Start of Data section

lemma rho_0: "v \<in> Pbar_tensor 0 n \<Longrightarrow> rho 0 a n v = (\<lambda>ys. a id * v ys)"
  by (subst (1 2) Pbar_tensor_0_eq) (auto simp: rho_def perms_0 pact_def empty_tuple_indicator_def)

lemma nat_trans_0:
  assumes \<phi>: "is_nat_trans 0 0 \<phi>" and v: "v \<in> Pbar_tensor 0 n"
  shows "\<phi> n v = (\<lambda>ys. \<phi> 1 empty_tuple_indicator [] * v ys)"
proof (cases "n = 0")
  case True
  then have "v = (\<lambda>_. 0)" using v unfolding Pbar_tensor_def by simp
  then show ?thesis using nat_trans_zero[OF \<phi>] by simp
next
  case False
  let ?u = "empty_tuple_indicator"
  have u: "?u \<in> Pbar_tensor 0 n" using False by (simp add: empty_tuple_indicator_in_Pbar_tensor)
  have FAmap_u: "FAmap 0 1 (\<lambda>_. 0) ?u = ?u"
    unfolding FAmap_0 empty_tuple_indicator_def by auto
  have "\<phi> n (FAmap 0 1 (\<lambda>_. 0) ?u) = FAmap 0 1 (\<lambda>_. 0) (\<phi> 1 ?u)"
    using False by (intro nat_trans_FAmap[OF \<phi>] empty_tuple_indicator_in_Pbar_tensor) auto
  then have "\<phi> n ?u = FAmap 0 1 (\<lambda>_. 0) (\<phi> 1 ?u)"
    by (simp only: FAmap_u)
  also have "\<dots> = (\<lambda>ys. \<phi> 1 ?u [] * ?u ys)"
    unfolding FAmap_0 empty_tuple_indicator_def by auto
  finally have "\<phi> n ?u = (\<lambda>ys. \<phi> 1 ?u [] * ?u ys)" .
  moreover have "\<phi> n v = (\<lambda>ys. v [] * \<phi> n ?u ys)"
    by (subst Pbar_tensor_0_eq[OF v]) (rule nat_trans_smult[OF \<phi> u])
  ultimately show ?thesis
    by (subst (2) Pbar_tensor_0_eq[OF v]) (simp add: ac_simps)
qed
lemma finitely_determined_pair:
  assumes "finitely_determined M S x" "finitely_determined M S y" "e > 0"
  obtains F where "finite F" "F \<subseteq> S"
    "\<And>\<phi> \<psi>. \<phi> \<in> M \<Longrightarrow> \<psi> \<in> M \<Longrightarrow> \<forall>s\<in>F. \<phi> s = \<psi> s \<Longrightarrow>
      dist (\<phi> x) (\<psi> x) \<le> e \<and> dist (\<phi> y) (\<psi> y) \<le> e"
proof -
  obtain F G where "finite F" "F \<subseteq> S" "finite G" "G \<subseteq> S"
    and "\<And>\<phi> \<psi>. \<phi> \<in> M \<Longrightarrow> \<psi> \<in> M \<Longrightarrow> \<forall>s\<in>F. \<phi> s = \<psi> s \<Longrightarrow> dist (\<phi> x) (\<psi> x) \<le> e"
    and "\<And>\<phi> \<psi>. \<phi> \<in> M \<Longrightarrow> \<psi> \<in> M \<Longrightarrow> \<forall>s\<in>G. \<phi> s = \<psi> s \<Longrightarrow> dist (\<phi> y) (\<psi> y) \<le> e"
    using finitely_determinedD[OF assms(1,3)] finitely_determinedD[OF assms(2,3)] by metis
  then show ?thesis by (intro that[of "F \<union> G"]) auto
qed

End of Data section

*Work to be completed:* Please quote the data above in full, with no line missing.

*Final answer:*
lemma rho_0: "v \<in> Pbar_tensor 0 n \<Longrightarrow> rho 0 a n v = (\<lambda>ys. a id * v ys)"
  by (subst (1 2) Pbar_tensor_0_eq) (auto simp: rho_def perms_0 pact_def empty_tuple_indicator_def)

lemma nat_trans_0:
  assumes \<phi>: "is_nat_trans 0 0 \<phi>" and v: "v \<in> Pbar_tensor 0 n"
  shows "\<phi> n v = (\<lambda>ys. \<phi> 1 empty_tuple_indicator [] * v ys)"
proof (cases "n = 0")
  case True
  then have "v = (\<lambda>_. 0)" using v unfolding Pbar_tensor_def by simp
  then show ?thesis using nat_trans_zero[OF \<phi>] by simp
next
  case False
  let ?u = "empty_tuple_indicator"
  have u: "?u \<in> Pbar_tensor 0 n" using False by (simp add: empty_tuple_indicator_in_Pbar_tensor)
  have FAmap_u: "FAmap 0 1 (\<lambda>_. 0) ?u = ?u"
    unfolding FAmap_0 empty_tuple_indicator_def by auto
  have "\<phi> n (FAmap 0 1 (\<lambda>_. 0) ?u) = FAmap 0 1 (\<lambda>_. 0) (\<phi> 1 ?u)"
    using False by (intro nat_trans_FAmap[OF \<phi>] empty_tuple_indicator_in_Pbar_tensor) auto
  then have "\<phi> n ?u = FAmap 0 1 (\<lambda>_. 0) (\<phi> 1 ?u)"
    by (simp only: FAmap_u)
  also have "\<dots> = (\<lambda>ys. \<phi> 1 ?u [] * ?u ys)"
    unfolding FAmap_0 empty_tuple_indicator_def by auto
  finally have "\<phi> n ?u = (\<lambda>ys. \<phi> 1 ?u [] * ?u ys)" .
  moreover have "\<phi> n v = (\<lambda>ys. v [] * \<phi> n ?u ys)"
    by (subst Pbar_tensor_0_eq[OF v]) (rule nat_trans_smult[OF \<phi> u])
  ultimately show ?thesis
    by (subst (2) Pbar_tensor_0_eq[OF v]) (simp add: ac_simps)
qed
lemma finitely_determined_pair:
  assumes "finitely_determined M S x" "finitely_determined M S y" "e > 0"
  obtains F where "finite F" "F \<subseteq> S"
    "\<And>\<phi> \<psi>. \<phi> \<in> M \<Longrightarrow> \<psi> \<in> M \<Longrightarrow> \<forall>s\<in>F. \<phi> s = \<psi> s \<Longrightarrow>
      dist (\<phi> x) (\<psi> x) \<le> e \<and> dist (\<phi> y) (\<psi> y) \<le> e"
proof -
  obtain F G where "finite F" "F \<subseteq> S" "finite G" "G \<subseteq> S"
    and "\<And>\<phi> \<psi>. \<phi> \<in> M \<Longrightarrow> \<psi> \<in> M \<Longrightarrow> \<forall>s\<in>F. \<phi> s = \<psi> s \<Longrightarrow> dist (\<phi> x) (\<psi> x) \<le> e"
    and "\<And>\<phi> \<psi>. \<phi> \<in> M \<Longrightarrow> \<psi> \<in> M \<Longrightarrow> \<forall>s\<in>G. \<phi> s = \<psi> s \<Longrightarrow> dist (\<phi> y) (\<psi> y) \<le> e"
    using finitely_determinedD[OF assms(1,3)] finitely_determinedD[OF assms(2,3)] by metis
  then show ?thesis by (intro that[of "F \<union> G"]) auto
qed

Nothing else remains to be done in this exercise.